The introduction of health information technologies into communities presents even greater challenges. This task demonstrates how much more work must be done to extend cost-benefit analysis into additional settings. To realize successful longitudinal, patient-focused care, health care professionals and patients require an infrastructure that provides timely, secure access to a wide array of health care information. That information is at present distributed across many sites and difficult to integrate. A clinical system capable of delivering optimal care in physician offices, pharmacies, home care, and other community settings will require access to medication histories, personal health information, improved clinical communication, and standardization of many other currently disparate aspects. Building such an infrastructure while mindful of costs and patient preferences requires a daunting effort. Lessons gleaned from hospital-based ROI analysis may provide partial guidance. Yet, in these settings even more than in the hospital, one must place emphasis on the cost of an appropriate infrastructure, the availability of intellectual and financial capital, and addressing the misaligned incentives among patients, employers, government, intermediaries, health plans, practitioners, pharmacists, and other involved parties. One of the greatest obstacles to healthier communities may be the enormous gap between what we know how to do in the large and sophisticated health care systems and what we know must be done in our communities, our pharmacies, our long-term care facilities, and our ambulatory practices.
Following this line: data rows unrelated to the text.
lemma eq_0_if_rotation_bound:
  fixes d A :: real
  assumes H: "\<And>c s. c\<^sup>2 + s\<^sup>2 = 1 \<Longrightarrow> c * s * d \<le> s\<^sup>2 * A"
  shows "d = 0"
proof (rule ccontr)
  assume d0: "d \<noteq> 0"
  define \<tau> where "\<tau> = \<bar>d\<bar> / (4 * \<bar>A\<bar> + 4 * \<bar>d\<bar>)"
  have den: "0 < 4 * \<bar>A\<bar> + 4 * \<bar>d\<bar>" using d0 by simp
  have \<tau>0: "0 < \<tau>" and \<tau>1: "\<tau> \<le> 1/4" unfolding \<tau>_def using d0 den by (simp_all add: field_simps)
  define x where "x = (if 0 < d then \<tau> else - \<tau>)"
  have xd: "x * d = \<tau> * \<bar>d\<bar>" and x2: "x\<^sup>2 = \<tau>\<^sup>2" unfolding x_def by auto
  have "(1 - x\<^sup>2) * (x * d) \<le> 2 * x\<^sup>2 * A"
    using rotation_bound_rational[OF H, of x] by (simp add: mult_ac)
  then have "\<tau> * ((1 - \<tau>\<^sup>2) * \<bar>d\<bar>) \<le> \<tau> * (2 * \<tau> * A)"
    unfolding xd x2 by (simp add: power2_eq_square mult_ac)
  then have "(1 - \<tau>\<^sup>2) * \<bar>d\<bar> \<le> 2 * \<tau> * A" using \<tau>0 by simp
  also have "\<dots> \<le> 2 * \<tau> * \<bar>A\<bar>" using \<tau>0 by simp
  also have "\<dots> \<le> \<bar>d\<bar> / 2"
    unfolding \<tau>_def using den by (simp add: field_simps)
  finally have "(1 - \<tau>\<^sup>2) * \<bar>d\<bar> \<le> \<bar>d\<bar> / 2" .
  moreover have "\<tau>\<^sup>2 \<le> 1/16"
    using power_mono[OF \<tau>1, of 2] \<tau>0 by (simp add: power2_eq_square)
  then have "(15/16) * \<bar>d\<bar> \<le> (1 - \<tau>\<^sup>2) * \<bar>d\<bar>" by (intro mult_right_mono) simp_all
  ultimately show False using d0 by simp
qed

lemma discriminant_le_if_nonneg:
  fixes a b c :: real
  assumes H: "\<And>x. 0 \<le> a + 2 * x * b + x\<^sup>2 * c" and c: "0 \<le> c"
  shows "b\<^sup>2 \<le> a * c"
proof (cases "c = 0")
  case True
  have "b = 0"
  proof (rule ccontr)
    assume "b \<noteq> 0"
    then show False using H[of "- (a + 1) / (2 * b)"] True by (simp add: field_simps)
  qed
  then show ?thesis using True by simp
next
  case False
  then have "0 < c" using c by simp
  then show ?thesis using H[of "- b / c"] by (simp add: power2_eq_square field_simps)
qed

definition householder :: "real^'n \<Rightarrow> real^'n^'n" where
  "householder y = mat 1 - 2 *\<^sub>R outer y y"

lemma householder_mult: "householder y *v z = z - (2 * (y \<bullet> z)) *\<^sub>R y"
  by (simp add: householder_def matrix_vector_mult_diff_rdistrib outer_mult
      flip: scaleR_matrix_vector_assoc)

lemma householder_inner:
  assumes "norm y = 1"
  shows "(householder y *v z) \<bullet> (householder y *v z') = z \<bullet> z'"
proof -
  have "y \<bullet> y = 1" using assms by (simp add: dot_square_norm)
  then show ?thesis
    by (simp add: householder_mult inner_diff_left inner_diff_right inner_commute algebra_simps)
qed

text \<open>
  The alignment of two orthonormal families \<open>u\<close> and \<open>v\<close>: a maximiser of the trace
  \<open>\<Sum> u l \<bullet> L u l\<close> among the partial isometries from \<open>span u\<close> onto \<open>span v\<close>.  Optimality
  against (products of two) Householder reflections makes \<open>[u a \<bullet> L u b]\<close> symmetric positive
  semidefinite.\<close>
locale procrustes =
  fixes I :: "nat set" and u v :: "nat \<Rightarrow> real^'n"
  assumes finite_I: "finite I" and u: "orthonormal_on I u" and v: "orthonormal_on I v"
begin
lemma d_eps_pos: "d_eps xbar c \<epsilon> > 0"
  and d_eps_mass: "d_eps xbar c \<epsilon> * (c - \<epsilon>) \<ge> 1/4"
proof -
  have "\<epsilon> * (xbar - c - \<epsilon>/2) \<le> \<epsilon> * xbar" using eps_pos eps_c by (intro mult_left_mono) auto
  then have num: "1 - \<epsilon> * (xbar - c - \<epsilon>/2) \<ge> 1/2" using eps_xbar by linarith
  then show "d_eps xbar c \<epsilon> > 0" unfolding d_eps_def using eps_pos eps_c by simp
  have "(c - \<epsilon>) / (c - \<epsilon>/2) \<ge> 1/2" using eps_pos eps_c by (simp add: field_simps)
  with num have "1/2 * (1/2) \<le> (1 - \<epsilon> * (xbar - c - \<epsilon>/2)) * ((c - \<epsilon>) / (c - \<epsilon>/2))"
    by (intro mult_mono) auto
  then show "d_eps xbar c \<epsilon> * (c - \<epsilon>) \<ge> 1/4" unfolding d_eps_def by simp
qed

lemma f_eps_left: "0 \<le> x \<Longrightarrow> x \<le> c - \<epsilon> \<Longrightarrow> f_eps xbar c \<epsilon> x = d_eps xbar c \<epsilon>"
  unfolding f_eps_def by auto

lemma f_eps_right: "c < x \<Longrightarrow> x \<le> xbar \<Longrightarrow> f_eps xbar c \<epsilon> x = \<epsilon>"
  unfolding f_eps_def using eps_pos by auto

lemma f_eps_middle_eq:
  "(1 - d_eps xbar c \<epsilon> / \<epsilon>) * x + c * (d_eps xbar c \<epsilon> / \<epsilon> - 1) + \<epsilon>
     = d_eps xbar c \<epsilon> * (c - x) / \<epsilon> + (\<epsilon> - (c - x))"
  using eps_pos by (simp add: field_simps)

lemma f_eps_nonneg: "f_eps xbar c \<epsilon> x \<ge> 0"
  unfolding f_eps_def f_eps_middle_eq using d_eps_pos eps_pos by auto

lemma continuous_on_f_eps: "continuous_on {0..xbar} (f_eps xbar c \<epsilon>)"
proof -
  define d where "d = d_eps xbar c \<epsilon>"
  define line where "line x = d * (c - x) / \<epsilon> + (\<epsilon> - (c - x))" for x
  have "continuous_on {0..xbar} (\<lambda>x. if x \<le> c - \<epsilon> then d else if x \<le> c then line x else \<epsilon>)"
    unfolding line_def using eps_pos
    by (intro continuous_on_cases_le continuous_intros) auto
  moreover have "(if x \<le> c - \<epsilon> then d else if x \<le> c then line x else \<epsilon>) = f_eps xbar c \<epsilon> x"
    if "x \<in> {0..xbar}" for x
    using that unfolding f_eps_def f_eps_middle_eq d_def line_def by auto
  ultimately show ?thesis by (rule continuous_on_eq)
qed

lemma f_eps_integrable: "t \<le> xbar \<Longrightarrow> f_eps xbar c \<epsilon> integrable_on {0..t}"
  by (rule integrable_continuous_real, rule continuous_on_subset[OF continuous_on_f_eps]) auto

lemma F_eps_nonneg: "t \<le> xbar \<Longrightarrow> F_eps xbar c \<epsilon> t \<ge> 0"
  unfolding F_eps_def by (rule integral_nonneg[OF f_eps_integrable]) (auto intro: f_eps_nonneg)

lemma F_eps_ge: assumes "c - \<epsilon> \<le> t" "t \<le> xbar" shows "F_eps xbar c \<epsilon> t \<ge> 1/4"
proof -
  have "1/4 \<le> integral {0..c - \<epsilon>} (\<lambda>x. d_eps xbar c \<epsilon>)"
    using d_eps_mass eps_c eps_pos by (simp add: mult.commute)
  also have "\<dots> = integral {0..c - \<epsilon>} (f_eps xbar c \<epsilon>)"
    by (rule integral_cong) (simp add: f_eps_left)
  also have "\<dots> \<le> integral {0..t} (f_eps xbar c \<epsilon>)"
    using assms eps_pos eps_c by (intro integral_subset_le f_eps_integrable) (auto simp: f_eps_nonneg)
  finally show ?thesis unfolding F_eps_def .
qed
Professional informaticians must continue to address these broader problems while learning from existing thorough analyses. The profession must extend, not just refine, these analyses to develop a better understanding of the broader financial impact of health information technology and the less tangible but even more powerful benefits accrued to patients and other stakeholders. Society must then address the daunting challenges required to achieve the widespread and effective use of technology in every medical setting, no matter how small in size, no matter how impoverished in capital and technical talent, and no matter how remote. If medical need and health care professionals' desires to improve caregiving become the motivating factors for better use of health information technology, our success in introducing these solutions will produce an ROI that every patient and health care professional will understand.